Malaysia police bust Penang car theft syndicate that targeted keyless vehicles

Malaysia police bust Penang car theft syndicate that targeted keyless vehicles
Malaysian authorities said the syndicate would smuggle the stolen cars to Thailand. (Photo: Bernama)

GEORGE TOWN: Police in Penang have busted a vehicle theft syndicate that targeted keyless cars with the aid of special electronic equipment.

A total of six men, including the syndicate’s mastermind known as “Ah Heng”, were also arrested, Penang Criminal Investigation Department Chief Zainol Samah said on Monday (Jul 29).

Six stolen luxury vehicles valued at about RM530,000 (US$128,610) were also recovered by the authorities.

The syndicate, believed to be involved in 18 car theft cases since early this year, targeted keyless vehicles parked in the Perai and Bayan Baru industrial areas.

The thefts were carried out during the day while the car owners were at work, the police said. 

“By using special electronic gadgets like a jammer and smart key, the syndicate members needed less than 10 minutes to enter a vehicle and turn off its security system before driving off in the stolen vehicle.

“This syndicate also has the expertise to repaint the stolen vehicles, besides being the go-between in delivering these vehicles to be driven into Danok, southern Thailand through Bukit Kayu Hitam in Kedah,” said Zainol.

The suspects, aged between 20 and 60 years, were nabbed in raids conducted in a number of locations around Alor Setar and Changloon in the neighbouring state of Kedah on Jul 18.

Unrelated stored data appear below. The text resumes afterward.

lemma vertical_after_insertion:
  assumes ins: "point_insertion C P Delta_le F0 F1 F2 (Suc k, l) (k, l) (Suc k, Suc l) u v \<beta> X"
    and v: "v \<in> B"
    and in_B: "\<And>a b b'. (a, b) \<in> P \<Longrightarrow> (a, b') \<in> P \<Longrightarrow> b \<le> b' \<Longrightarrow> F1 (a, b) (a, b') \<in> B"
    and y: "(a, b) \<in> insert (Suc k, l) P" and z: "(a, b') \<in> insert (Suc k, l) P" and bb: "b \<le> b'"
  shows "point_insertion.ext_arr C F1 (Suc k, l) (k, l) (Suc k, Suc l) u v X (a, b) (a, b') \<in> B"
proof -
  interpret point_insertion C P Delta_le F0 F1 F2 "(Suc k, l)" "(k, l)" "(Suc k, Suc l)" u v \<beta> X
    by (rule ins)
  consider "(a, b) = (Suc k, l)" "(a, b') = (Suc k, l)" | "(a, b) \<in> P" "(a, b') = (Suc k, l)"
    | "(a, b) = (Suc k, l)" "(a, b') \<in> P" | "(a, b) \<in> P" "(a, b') \<in> P"
    using y z by auto
  then show ?thesis
  proof cases
    case 1
    then show ?thesis using ext_arr_new_new_in[OF B_arrowy] by simp
  next
    case 2
    then show ?thesis using below_new[OF 2(1)] bb by auto
  next
    case 3
    then have "Delta_le (Suc k, Suc l) (a, b')" using above_new[OF 3(2)] bb by auto
    then show ?thesis using 3 in_B upper_in ext_arr_from_new_in[OF B_arrowy v] by auto
  next
    case 4
    then show ?thesis
      using in_B[OF 4 bb] ext_arr_old[OF old_ne_new[OF 4(1)] old_ne_new[OF 4(2)]] by simp
  qed
qed
lemma inj_on_closure_components:
  fixes U :: "'a::real_normed_vector set"
  assumes "open U"
  shows "inj_on closure (components U)"
proof (rule inj_onI)
  fix C D assume C: "C \<in> components U" and D: "D \<in> components U" and eq: "closure C = closure D"
  show "C = D"
  proof (rule ccontr)
    assume "C \<noteq> D"
    then have "C \<inter> D = {}" using components_nonoverlap[OF C D] by simp
    then have "C \<inter> closure D = {}"
      using open_Int_closure_eq_empty open_components[OF assms C] by blast
    moreover have "C \<subseteq> closure D" using eq closure_subset[of C] by simp
    ultimately show False using in_components_nonempty[OF C] by blast
  qed
qed

lemma card_faces_eq_card_components:
  assumes "simple_graph V E" and "plane_embedding V E pos \<gamma>"
  shows "card (faces V E pos \<gamma>) = card (components (- embedding_set V E pos \<gamma>))"
proof -
  have "finite ((\<lambda>v. {pos v}) ` V \<union> (\<lambda>e. path_image (\<gamma> e)) ` E)"
    using assms(1) simple_graph_finite_edges[OF assms(1)] by (simp add: simple_graph_def)
  then have "compact (embedding_set V E pos \<gamma>)"
    unfolding embedding_set_eq_Union
    using compact_path_connected_embedding_pieces[OF assms(2)] by (intro compact_Union) auto
  then have "open (- embedding_set V E pos \<gamma>)" by (simp add: compact_imp_closed open_Compl)
  then show ?thesis
    unfolding faces_def by (intro card_image inj_on_closure_components)
qed

theorem lemma7:
  fixes V :: "'a set" and E :: "'a set set"
    and pos :: "'a \<Rightarrow> complex" and \<gamma> :: "'a set \<Rightarrow> real \<Rightarrow> complex"
  assumes "simple_graph V E"
    and "V \<noteq> {}"
    and "plane_embedding V E pos \<gamma>"
    and "\<exists>M. perfect_matching V E M"
    and "\<forall>v\<in>V. degree E v \<noteq> 1"
    and "\<forall>u\<in>V. \<forall>v\<in>V. adjacent E u v \<longrightarrow> \<not> (degree E u = 2 \<and> degree E v = 2)"
  shows "real (card (faces V E pos \<gamma>)) \<ge> real (card V) / 4 + 2"
proof -
  let ?K = "embedding_set V E pos \<gamma>"
  obtain M where "perfect_matching V E M" using assms(4) by blast
  then have "5 * card V \<le> 4 * card E"
    using five_card_vertices_le_four_card_edges[OF assms(1) _ assms(5,6)] by blast
  moreover have "card (path_component_set ?K ` pos ` V) + card E + 1 \<le> card (components (- ?K)) + card V"
    using euler_inequality[OF assms(1,3)] by blast
  moreover have "card (path_component_set ?K ` pos ` V) \<ge> 1"
    using assms(1,2) by (simp add: simple_graph_def Suc_le_eq card_gt_0_iff)
  moreover have "card (faces V E pos \<gamma>) = card (components (- ?K))"
    using assms(1,3) by (rule card_faces_eq_card_components)
  ultimately have "card V + 8 \<le> 4 * card (faces V E pos \<gamma>)" by linarith
  then show ?thesis by linarith
qed

end
lemma orientations_inversion_sequence:
  assumes conv: "\<forall>m. ereal_of_enat (conv_forest p m) \<le> ereal (\<alpha> * real m + \<beta>)"
    and forest: "forest V E" and A: "orientation E A" and B: "orientation E B"
  obtains Xs where "\<forall>X\<in>set Xs. X \<subseteq> V \<and> card X \<le> p" "fold invert Xs A = B"
    "real (length Xs) \<le> \<alpha> * real (card V) + 2 * \<beta>"
proof -
  have sg: "simple_graph V E" and acyclic: "\<nexists>vs. is_cycle E vs"
    using forest unfolding forest_def by auto
  have "E \<subseteq> Pow V" "finite V" using sg simple_graph_edgeD[OF sg] unfolding simple_graph_def by auto
  then have "finite E" by (simp add: finite_subset)
  have two_element: "\<forall>e\<in>E. \<exists>u v. u \<noteq> v \<and> e = {u,v}" using sg unfolding simple_graph_def by blast
  define agree where "agree u v \<longleftrightarrow> ((u,v) \<in> A \<longleftrightarrow> (u,v) \<in> B)" for u v
  have agree_commute: "agree v u \<longleftrightarrow> agree u v" if "{u,v} \<in> E" for u v
    using orientation_edge_iff[OF sg A that] orientation_edge_iff[OF sg B that]
    unfolding agree_def by blast
  obtain col :: "'a \<Rightarrow> bool"
    where "\<forall>u v. {u,v} \<in> E \<longrightarrow> (col u \<noteq> col v \<longleftrightarrow> (\<forall>x y. {u,v} = {x,y} \<longrightarrow> agree x y))"
    using acyclic_labelling_coboundary[OF \<open>finite E\<close> two_element acyclic,
        of "\<lambda>e. \<forall>x y. e = {x,y} \<longrightarrow> agree x y"] by blast
  then have col: "col u \<noteq> col v \<longleftrightarrow> agree u v" if "{u,v} \<in> E" for u v
    using that agree_commute[OF that] by (auto simp: doubleton_eq_iff)
  define W1 where "W1 = {v \<in> V. col v}"
  define W2 where "W2 = {v \<in> V. \<not> col v}"
  have "W1 \<subseteq> V" "W2 \<subseteq> V" unfolding W1_def W2_def by auto
  obtain Xs1 where Xs1: "\<forall>X\<in>set Xs1. X \<subseteq> W1 \<and> card X \<le> p"
    "\<And>u v. {u,v} \<in> E \<Longrightarrow> odd (inversion_count Xs1 u v) \<longleftrightarrow> u \<in> W1 \<and> v \<in> W1"
    "real (length Xs1) \<le> \<alpha> * real (card W1) + \<beta>"
    using inversion_sequence_within_subset[OF conv forest \<open>W1 \<subseteq> V\<close>] by blast
  obtain Xs2 where Xs2: "\<forall>X\<in>set Xs2. X \<subseteq> W2 \<and> card X \<le> p"
    "\<And>u v. {u,v} \<in> E \<Longrightarrow> odd (inversion_count Xs2 u v) \<longleftrightarrow> u \<in> W2 \<and> v \<in> W2"
    "real (length Xs2) \<le> \<alpha> * real (card W2) + \<beta>"
    using inversion_sequence_within_subset[OF conv forest \<open>W2 \<subseteq> V\<close>] by blast
  have "W1 \<union> W2 = V" "W1 \<inter> W2 = {}" unfolding W1_def W2_def by auto
  then have "real (card V) = real (card W1) + real (card W2)"
    using \<open>finite V\<close> by (metis card_Un_disjoint finite_Un of_nat_add)
  then have "real (length (Xs1 @ Xs2)) \<le> \<alpha> * real (card V) + 2 * \<beta>"
    using Xs1(3) Xs2(3) by (simp add: distrib_left)
  moreover have "fold invert (Xs1 @ Xs2) A = B"
  proof (rule fold_invert_eq_orientation[OF sg A B])
    fix u v assume e: "{u,v} \<in> E"
    then have "u \<in> V" "v \<in> V" using simple_graph_edgeD[OF sg] by auto
    then have "u \<in> W1 \<longleftrightarrow> col u" "v \<in> W1 \<longleftrightarrow> col v" "u \<in> W2 \<longleftrightarrow> \<not> col u" "v \<in> W2 \<longleftrightarrow> \<not> col v"
      unfolding W1_def W2_def by auto
    then show "odd (inversion_count (Xs1 @ Xs2) u v) \<longleftrightarrow> ((u,v) \<in> A \<longleftrightarrow> (u,v) \<notin> B)"
      using Xs1(2)[OF e] Xs2(2)[OF e] col[OF e]
      unfolding inversion_count_append agree_def by auto
  qed
  moreover have "\<forall>X\<in>set (Xs1 @ Xs2). X \<subseteq> V \<and> card X \<le> p"
    using Xs1(1) Xs2(1) unfolding W1_def W2_def by auto
  ultimately show ?thesis using that by blast
qed
lemma residual_le:
  assumes "V i k \<noteq> \<infinity>" "(INF j. ereal (y j) - V j k) \<noteq> \<infinity>"
  shows "V i k + (INF j. ereal (y j) - V j k) \<le> ereal (y i)"
proof (cases "V i k")
  case (real v)
  have "(INF j. ereal (y j) - V j k) \<le> ereal (y i - v)"
    by (rule INF_lower2[of i]) (simp_all add: real)
  then show ?thesis using real by (cases "INF j. ereal (y j) - V j k") auto
next
  case MInf
  then show ?thesis using assms(2) by (cases "INF j. ereal (y j) - V j k") auto
qed (use assms in simp)

lemma residual_neq_pinf: "V j k = ereal w \<Longrightarrow> (INF j. ereal (y j) - V j k) \<noteq> \<infinity>"
  using INF_lower2[of j UNIV "\<lambda>j. ereal (y j) - V j k" "ereal (y j - w)"] by auto

context maxplus_matrix
begin

lemma opT_lower_bound:
  assumes "S \<subseteq> supp_map V S" "i \<in> S" "\<forall>j\<in>S. ereal m \<le> x j"
  shows "ereal (m - 2 * entry_bound V) \<le> opT V x i"
  unfolding le_opT_iff
proof (intro allI impI)
  fix k v assume v: "V i k = ereal v"
  have "i \<in> supp_map V S" "V i k \<noteq> -\<infinity>" using assms(1,2) v by auto
  then obtain j where j: "j \<in> S" "j \<noteq> i" "V j k \<noteq> -\<infinity>"
    unfolding supp_map_def by blast
  then obtain w where w: "V j k = ereal w" using finite_entry by blast
  have "ereal (m - 2 * entry_bound V + v) \<le> ereal (w + m)"
    using abs_le_entry_bound[of V, OF v] abs_le_entry_bound[of V, OF w] by simp
  also have "ereal (w + m) \<le> V j k + x j"
    using add_left_mono[OF assms(3)[rule_format, OF j(1)], of "ereal w"] w by simp
  finally show "\<exists>j. j \<noteq> i \<and> ereal (m - 2 * entry_bound V + v) \<le> V j k + x j"
    using j(2) by blast
qed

Besides a Toyota Hilux, Honda CRV, Honda City Hybrid, Toyota Estima and two Honda Civic cars, the police special team also seized various vehicle number plates, fake road tax stickers, Touch ‘n Go cards, SmartTAGs, laptops and mobile phones.

Located near one of the houses that was raided was a workshop used by the syndicate to keep the stolen vehicles, Zainol said.

The syndicate also used the workshop to change vehicle registration number plates and road tax stickers before smuggling the cars to Thailand and selling them at about RM20,000 each.